以7-氮杂吲哚为内在导向基团的N-芳基C—H官能化研究进展

doi:10.6023/cjoc202205034

摘要/Abstract

内在导向基团是底物中固有的官能团, 同时也是产物中的核心结构单元. 因此, 在C—H官能化反应中, 内在导向基团无需事先引入以及事后脱除. 在过渡金属催化的N-芳基-7-氮杂吲哚的N-芳基C—H官能化反应中, 7-氮杂吲哚往往作为内在的导向基团, 借助C—H官能化的反应策略, 在N-芳基的邻位引入各种官能团. 对过渡金属催化7-氮杂吲哚作为内在导向基的N-芳基C—H官能化的最新研究进展进行了概述.

关键词: 7-氮杂吲哚, 内在导向基, C—H 活化, 过渡金属催化

The intrinsic directing group is a functional group in the substrates and also serves as an essential component in products. Thus, the preinstallation and removal of directing groups are avoided. 7-Azaindole has been used as intrinsic directing group for the N-aryl-C—H functionalization of N-aryls under the catalysis of transition metals. Utilizing the C—H functionalization strategy, numerous functional groups were installed into the ortho-position of N-aryls of the corresponding N-aryl-7-azaindoles. In this review, the recent achievements on the transition-metal catalyzed N-aryl ortho-C—H functionalization directed by 7-azaindole are summarized.

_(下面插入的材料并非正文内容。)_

(* Under the standing assumptions below, for any $0\le n<\infty$, $\mathbf v\in\mathsf P_n$ and ordinal $\kappa$, we have $\mathrm{val}(\mathbf v)>\kappa$ if and only if there exists $x\in\mathcal{X}_{n+1}$ such that $\mathrm{val}(\mathbf v,x,y)\ge\kappa$ for all $y\in\mathcal{Y}_{n+1}$.
   Context: Standing assumptions: $(\mathcal{X}_t)_{t\ge1}$ Polish, $(\mathcal{Y}_t)_{t\ge1}$ countable; game: in round $t$, $\mathrm{P_A}$ plays $x_t\in\mathcal{X}_t$ then $\mathrm{P_L}$ plays $y_t\in\mathcal{Y}_t$; $\mathrm{P_L}$ wins iff the play lies in $\mathsf{W}\subseteq\prod_{t\ge1}(\mathcal{X}_t\times\mathcal{Y}_t)$, where $\mathsf{W}$ is coanalytic and finitely decidable (every element of $\mathsf{W}$ has a finite prefix all of whose continuations lie in $\mathsf{W}$); $\mathrm{P_L}$ has a winning strategy. Definitions: $\mathsf{P}_n=\prod_{t=1}^n(\mathcal{X}_t\times\mathcal{Y}_t)$ ($\mathsf P_0=\{\varnothing\}$), $\mathsf{P}=\bigcup_{n\ge0}\mathsf{P}_n$. A position $\mathbf v\in\mathsf P_n$ is active if some continuation $\mathbf w\in\prod_{t>n}(\mathcal{X}_t\times\mathcal{Y}_t)$ has $(\mathbf v,\mathbf w)\notin\mathsf{W}$; $\mathsf A_n$ is the set of active positions of length $n$, $\mathsf A=\bigcup_n\mathsf A_n$. For $\mathbf v\in\mathsf P_k$, a decision tree of depth $n$ with starting position $\mathbf v$ is $\mathbf t=\{x_{\mathbf y}\in\mathcal{X}_{k+s+1}:\mathbf y\in\prod_{r=k+1}^{k+s}\mathcal{Y}_r,\ 0\le s<n\}$ ($\varnothing$ has depth 0); it is active if $(\mathbf v,x_\varnothing,y_{k+1},x_{y_{k+1}},\ldots,x_{y_{k+1},\ldots,y_{k+n-1}},y_{k+n})\in\mathsf A_{k+n}$ for all $(y_{k+1},\ldots,y_{k+n})$. $\mathsf T^{\mathsf A}_{\mathbf v}$: active trees with starting position $\mathbf v$; $\mathbf t'\prec_{\mathbf v}\mathbf t$ iff $\mathbf t$ is $\mathbf t'$ with its leaves removed. For a well-founded relation, rank: $\rho(\mathbf t)=0$ if minimal, else $\sup\{\rho(\mathbf t')+1:\mathbf t'\prec\mathbf t\}$. With symbols $-1<$ all ordinals $<\mathsf\Omega$: $\mathrm{val}(\mathbf v)=-1$ if $\mathbf v\notin\mathsf A$; $=\mathsf\Omega$ if $\mathbf v\in\mathsf A$ and $\prec_{\mathbf v}$ not well-founded; otherwise $=\rho_{\prec_{\mathbf v}}(\varnothing)$. Comparisons with $\mathsf\Omega$ and $-1$ use this extended order. *)

theory Defs
  imports "HOL-Analysis.Analysis"
begin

Key words: 7-azaindole, intrinsic directing group, C—H activation, transition-metal catalyzed

引用此文

袁成, 潘长多. 以7-氮杂吲哚为内在导向基团的N-芳基C—H官能化研究进展[J]. 有机化学, 2023, 43(1): 156-170.

Cheng Yuan, Changduo Pan. Recent Advances in the N-Aryl C—H Functionalization Using 7-Azaindole as Intrinsic Directing Group[J]. Chinese Journal of Organic Chemistry, 2023, 43(1): 156-170.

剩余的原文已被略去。